In SEC v. Contorinis, the Second Circuit found in 2014 that the tipper in an insider trading case, Joseph Contorinis, was required to disgorge all the profits he generated, rather than simply the profits he personally realized.  Contorinis, an investment bank executive, acquired material nonpublic information about a transaction involving Albertson’s.  Contorinis used this information to trade in one of the investment bank’s funds to make unlawful profits of $7,304,738.  However, Contorinis only personally realized $427,875 in compensation from this windfall for his firm.

Businessmen whispering

Contorinis was indicted and convicted after trial of securities fraud and conspiracy to commit securities fraud. Initially, Contorinis was ordered to forfeit the full amount of money he made for the fund and the losses he was able to avoid, totaling more than $12 million.  On appeal, the Second Circuit held that Contorinis could not be ordered to forfeit proceeds that went to an innocent party and that he never personally possessed.  Ultimately, Contorinis was ordered to forfeit $427,875.

The SEC brought a civil complaint against Contorinis and sought disgorgement of the unlawful profits he made for the investment bank’s fund. The district court agreed with the SEC that Contorinis should disgorge this full amount and Contorinis appealed to the Second Circuit arguing that ordering him to disgorge the entire amount gained through his insider trading “is a misapplication of the disgorgement principle.”
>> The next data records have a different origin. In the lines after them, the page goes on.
lemma perfect_matching_Int:
  assumes "perfect_matching I J M"
  shows "perfect_matching (Domain (M \<inter> A)) (Range (M \<inter> A)) (M \<inter> A)"
  unfolding perfect_matching_def
proof (intro conjI ballI)
  show "M \<inter> A \<subseteq> Domain (M \<inter> A) \<times> Range (M \<inter> A)" by auto
next
  fix i assume "i \<in> Domain (M \<inter> A)"
  then obtain j where "(i,j) \<in> M \<inter> A" by auto
  then show "\<exists>!j. (i,j) \<in> M \<inter> A" using perfect_matching_unique(1)[OF assms] by blast
next
  fix j assume "j \<in> Range (M \<inter> A)"
  then obtain i where "(i,j) \<in> M \<inter> A" by auto
  then show "\<exists>!i. (i,j) \<in> M \<inter> A" using perfect_matching_unique(2)[OF assms] by blast
qed

lemma perfect_matching_card:
  assumes "finite I" "perfect_matching I J P" shows "card I = card J"
proof -
  have "inj_on fst P" "inj_on snd P"
    using perfect_matching_unique[OF assms(2)] by (auto simp: inj_on_def)
  then have "card (fst ` P) = card (snd ` P)" by (simp add: card_image)
  then show ?thesis
    using perfect_matching_Domain_Range[OF assms(2)] by (simp add: fst_eq_Domain snd_eq_Range)
qed

lemma perfect_matching_subset_eq:
  assumes P: "perfect_matching I J P" and Q: "perfect_matching I J Q" and "Q \<subseteq> P"
  shows "P = Q"
proof (intro subset_antisym subsetI)
  fix p assume "p \<in> P"
  obtain i j where "p = (i,j)" by fastforce
  have "i \<in> Domain Q" using \<open>p \<in> P\<close> \<open>p = (i,j)\<close> perfect_matching_Domain_Range(1)[OF P]
      perfect_matching_Domain_Range(1)[OF Q] by blast
  then obtain j' where "(i,j') \<in> Q" by blast
  then have "j' = j"
    using perfect_matching_unique(1)[OF P] \<open>Q \<subseteq> P\<close> \<open>p \<in> P\<close> \<open>p = (i,j)\<close> by blast
  then show "p \<in> Q" using \<open>(i,j') \<in> Q\<close> \<open>p = (i,j)\<close> by simp
qed (use \<open>Q \<subseteq> P\<close> in blast)

lemma matching_ensemble_perfect_matching:
  assumes "matching_ensemble L R M" "I \<subseteq> L" "J \<subseteq> R" "card I = card J"
  shows "perfect_matching I J (M I J)"
  using conjunct1[OF assms(1)[unfolded matching_ensemble_def]] assms(2-4) by blast

lemma matching_ensemble_closure:
  assumes "matching_ensemble L R M" "I \<subseteq> L" "J \<subseteq> R" "card I = card J" "I' \<subseteq> I" "J' \<subseteq> J"
    "P \<subseteq> M I J" "perfect_matching I' J' P"
  shows "M I' J' \<subseteq> M I J"
  using conjunct1[OF conjunct2[OF assms(1)[unfolded matching_ensemble_def]]] assms(2-8) by blast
The Second Circuit rejected Contorinis’ claim. The Second Circuit began its analysis by noting that in past insider trading cases that Court had held: “[a] tippee’s gains are attributable to the tipper, regardless whether benefit accrues to the tipper.”  The Second Circuit found that it is entirely appropriate in the insider trading context to hold a tipper responsible for a tippee’s gains, because there are circumstances, like this one, where a tipper tips intending for that person to benefit.  The Second Circuit also distinguished civil disgorgement from criminal forfeiture on the grounds that “disgorgement is an equitable remedy that prevents unjust enrichment, and criminal forfeiture a statutory legal penalty imposed as punishment.”

Because the decision in Honeycutt is largely based on the statutory language of 21 U.S.C. § 853, it may not have much applicability to other contexts like civil insider trading.  But the policy arguments against joint and several liability made in this case are certainly applicable.  It will be interesting to see whether courts will give arguments by civil defendants like Contorinis more sway in the future.